A treasure trove of photographs, letters, posters and other documents that lay out the work of the Southern Christian Leadership Conference will be on display through Dec. 1 at Emory University’s Schatten Gallery.
“The historical value of the material is immeasurable,” said Sarah Quigley, one of the co-curators and former SCLC project archivist. These items, she said, “tell a story about SCLC that most people don’t know.”
The organization, founded in 1957, tackled issues that are still relevant today, like gun violence, health care and international human rights.

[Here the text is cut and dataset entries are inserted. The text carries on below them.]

lemma fa_prob_maximal_fip_family:
  assumes G: "maximal_fip_family L G"
  shows "fa_prob L (Pow L) (\<lambda>E. of_bool (E \<in> G))"
  unfolding fa_prob_def
proof (intro conjI ballI allI impI)
  have "{} \<notin> G" using maximal_fip_familyD[OF G, of "{{}}"] by auto
  then show "of_bool (L \<in> G) = (1::real)" using maximal_fip_family_compl[OF G, of L] by simp
next
  fix A B assume AB: "A \<in> Pow L" "B \<in> Pow L" "A \<inter> B = {}"
  have not_both: "\<not> (A \<in> G \<and> B \<in> G)"
    using maximal_fip_familyD[OF G, of "{A, B}"] AB(3) by (auto simp: Int_assoc)
  have "A \<union> B \<in> G \<longleftrightarrow> A \<in> G \<or> B \<in> G"
  proof
    assume "A \<union> B \<in> G"
    show "A \<in> G \<or> B \<in> G"
    proof (rule ccontr)
      assume "\<not> (A \<in> G \<or> B \<in> G)"
      then have "L - A \<in> G" "L - B \<in> G" using maximal_fip_family_compl[OF G] AB by auto
      moreover have "L \<inter> \<Inter>{L - A, L - B, A \<union> B} = {}" by blast
      ultimately show False
        using maximal_fip_familyD[OF G, of "{L - A, L - B, A \<union> B}"] \<open>A \<union> B \<in> G\<close> by simp
    qed
  next
    assume "A \<in> G \<or> B \<in> G"
    then show "A \<union> B \<in> G" using maximal_fip_family_mono[OF G] AB by blast
  qed
  then show "of_bool (A \<union> B \<in> G) = of_bool (A \<in> G) + (of_bool (B \<in> G) :: real)"
    using not_both by auto
next
  fix E assume "E \<notin> Pow L"
  then show "of_bool (E \<in> G) = (0::real)" using G unfolding maximal_fip_family_def by auto
qed auto

definition Fpow_containing :: "'a set \<Rightarrow> 'a \<Rightarrow> 'a set set" where
  "Fpow_containing A a = {F\<in>Fpow A. a \<in> F}"

definition independent_choice :: "'a set \<Rightarrow> 'a set \<Rightarrow> 'a set set set" where
  "independent_choice A B = Fpow_containing A ` B \<union> (\<lambda>a. Fpow A - Fpow_containing A a) ` (A - B)"

lemma inj_on_Fpow_containing: "inj_on (Fpow_containing A) A"
proof (rule inj_onI)
  fix a b assume a: "a \<in> A" and eq: "Fpow_containing A a = Fpow_containing A b"
  have "{a} \<in> Fpow_containing A a" using a by (simp add: Fpow_containing_def Fpow_def)
  then have "{a} \<in> Fpow_containing A b" by (simp only: eq)
  then show "a = b" by (simp add: Fpow_containing_def)
qed

(* The sets Fpow_containing A a form an independent family on Fpow A: the intersection of a finite
   subfamily of independent_choice A B contains the finite set of those a \<in> B whose
   Fpow_containing A a it involves. *)
lemma fip_independent_choice:
  assumes "B \<subseteq> A"
  shows "finite_intersection_property (Fpow A) (independent_choice A B)"
  unfolding finite_intersection_property_def
proof (intro allI impI)
  fix H assume H: "finite H \<and> H \<subseteq> independent_choice A B"
  define P where "P = {a\<in>B. Fpow_containing A a \<in> H}"
  have "P \<subseteq> Fpow_containing A -` H \<inter> A" using assms by (auto simp: P_def)
  then have "finite P" using finite_vimage_IntI[OF _ inj_on_Fpow_containing] H by (meson finite_subset)
  then have "P \<in> Fpow A" using assms by (auto simp: P_def Fpow_def)
  moreover have "P \<in> Y" if "Y \<in> H" for Y
  proof -
    have "Y \<in> independent_choice A B" using H that by blast
    then consider a where "a \<in> B" "Y = Fpow_containing A a"
      | a where "a \<in> A - B" "Y = Fpow A - Fpow_containing A a"
      unfolding independent_choice_def by blast
    then show ?thesis
      by cases (use \<open>P \<in> Fpow A\<close> that in \<open>auto simp: P_def Fpow_containing_def\<close>)
  qed
  ultimately show "Fpow A \<inter> \<Inter>H \<noteq> {}" by blast
qed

About 200 items in “And the Struggle Continues: The Southern Christian Leadership Conference’s Fight for Social Change” were culled from a larger, more extensive SCLC collection. The collection has been available for nearly a year at Emory’s Manuscript, Archives and Rare Book Library.
The exhibit, which opens Thursday, focuses on the ongoing struggle for civil and human rights after the death of co-founder the Rev. Martin Luther King Jr. in 1968.
On Friday, a number of opening events will celebrate the display, including a noon to 2 p.m. lecture, discussion and book signing with Dorothy Cotton, who once served as SCLC’s education director. Cotton is the author of “If Your Back’s Not Bent: The Role of the Citizenship Education Program in the Civil Rights Movement.”
Also on Friday, from 6-8 p.m. in the Schatten Gallery, several civil rights leaders are scheduled to talk about the SCLC and the movement, including Cotton and U.S. Rep. John Lewis, who was also a Freedom Rider.
The collection was originally acquired from the organization for an undisclosed price in 2007.